== What you need to do ==
Search the records for the word "lemma" and copy every line in which it occurs.

== Data to use ==
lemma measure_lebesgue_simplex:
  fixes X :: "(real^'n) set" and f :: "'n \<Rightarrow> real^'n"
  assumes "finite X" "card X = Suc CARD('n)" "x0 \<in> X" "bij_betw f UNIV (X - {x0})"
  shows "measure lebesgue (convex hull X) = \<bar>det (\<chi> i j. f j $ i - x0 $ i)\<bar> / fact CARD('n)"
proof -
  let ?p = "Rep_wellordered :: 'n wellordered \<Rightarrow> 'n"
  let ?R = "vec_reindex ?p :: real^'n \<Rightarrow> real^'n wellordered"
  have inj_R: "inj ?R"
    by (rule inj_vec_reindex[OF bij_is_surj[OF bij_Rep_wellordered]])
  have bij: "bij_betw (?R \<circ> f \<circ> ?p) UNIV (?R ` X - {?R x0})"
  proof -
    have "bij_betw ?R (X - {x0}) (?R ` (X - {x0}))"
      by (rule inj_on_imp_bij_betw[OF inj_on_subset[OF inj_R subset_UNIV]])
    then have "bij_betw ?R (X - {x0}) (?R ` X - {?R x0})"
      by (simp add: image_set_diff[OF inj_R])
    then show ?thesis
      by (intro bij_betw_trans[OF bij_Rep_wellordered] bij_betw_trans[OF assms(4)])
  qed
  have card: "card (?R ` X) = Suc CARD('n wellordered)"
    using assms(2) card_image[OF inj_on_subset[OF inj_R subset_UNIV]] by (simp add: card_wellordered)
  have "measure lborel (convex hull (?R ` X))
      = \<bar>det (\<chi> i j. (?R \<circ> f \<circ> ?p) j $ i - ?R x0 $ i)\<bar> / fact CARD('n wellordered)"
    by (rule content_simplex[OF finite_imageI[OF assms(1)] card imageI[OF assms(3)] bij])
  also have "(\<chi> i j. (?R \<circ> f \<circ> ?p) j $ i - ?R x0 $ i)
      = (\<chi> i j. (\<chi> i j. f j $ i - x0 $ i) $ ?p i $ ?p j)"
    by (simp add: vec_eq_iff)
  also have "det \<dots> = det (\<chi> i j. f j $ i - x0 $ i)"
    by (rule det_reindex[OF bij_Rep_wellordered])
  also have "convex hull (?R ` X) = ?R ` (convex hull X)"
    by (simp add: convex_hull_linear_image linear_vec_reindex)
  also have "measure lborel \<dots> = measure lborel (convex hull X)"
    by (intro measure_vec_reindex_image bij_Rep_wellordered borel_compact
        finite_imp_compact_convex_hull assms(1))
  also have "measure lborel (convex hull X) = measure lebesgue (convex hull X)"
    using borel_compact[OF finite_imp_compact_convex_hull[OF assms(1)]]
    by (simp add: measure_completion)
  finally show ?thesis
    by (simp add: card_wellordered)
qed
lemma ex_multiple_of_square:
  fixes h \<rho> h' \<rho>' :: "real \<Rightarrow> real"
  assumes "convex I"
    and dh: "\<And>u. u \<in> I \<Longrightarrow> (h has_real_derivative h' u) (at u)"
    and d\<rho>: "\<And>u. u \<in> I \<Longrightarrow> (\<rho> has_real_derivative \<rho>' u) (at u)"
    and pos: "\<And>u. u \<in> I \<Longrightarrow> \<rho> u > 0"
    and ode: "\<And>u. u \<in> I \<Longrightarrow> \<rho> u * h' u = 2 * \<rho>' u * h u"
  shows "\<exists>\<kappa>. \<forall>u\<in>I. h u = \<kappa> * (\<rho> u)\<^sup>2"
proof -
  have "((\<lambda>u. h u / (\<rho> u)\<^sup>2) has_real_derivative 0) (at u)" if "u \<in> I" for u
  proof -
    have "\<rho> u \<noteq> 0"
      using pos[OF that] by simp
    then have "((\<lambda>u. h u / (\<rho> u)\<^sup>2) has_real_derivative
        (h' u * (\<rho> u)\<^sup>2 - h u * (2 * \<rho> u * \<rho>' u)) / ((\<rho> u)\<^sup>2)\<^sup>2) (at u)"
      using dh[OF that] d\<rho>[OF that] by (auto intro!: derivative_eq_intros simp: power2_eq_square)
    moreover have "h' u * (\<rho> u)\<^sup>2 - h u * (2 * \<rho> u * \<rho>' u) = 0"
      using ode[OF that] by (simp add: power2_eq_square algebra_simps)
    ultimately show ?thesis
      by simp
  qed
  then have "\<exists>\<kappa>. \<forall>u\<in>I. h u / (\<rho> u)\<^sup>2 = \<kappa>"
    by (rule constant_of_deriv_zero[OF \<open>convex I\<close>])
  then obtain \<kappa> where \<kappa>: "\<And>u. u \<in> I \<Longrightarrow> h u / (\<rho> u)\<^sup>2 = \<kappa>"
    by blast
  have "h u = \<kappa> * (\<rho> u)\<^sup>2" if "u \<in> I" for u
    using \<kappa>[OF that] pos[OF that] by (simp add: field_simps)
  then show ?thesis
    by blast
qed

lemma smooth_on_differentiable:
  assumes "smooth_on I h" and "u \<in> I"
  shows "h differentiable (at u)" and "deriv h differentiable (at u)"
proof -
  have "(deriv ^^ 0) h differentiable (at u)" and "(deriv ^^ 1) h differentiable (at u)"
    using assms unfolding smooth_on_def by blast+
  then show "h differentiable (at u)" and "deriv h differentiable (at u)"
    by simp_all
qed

== Written solution ==
lemma measure_lebesgue_simplex:
lemma ex_multiple_of_square:
lemma smooth_on_differentiable:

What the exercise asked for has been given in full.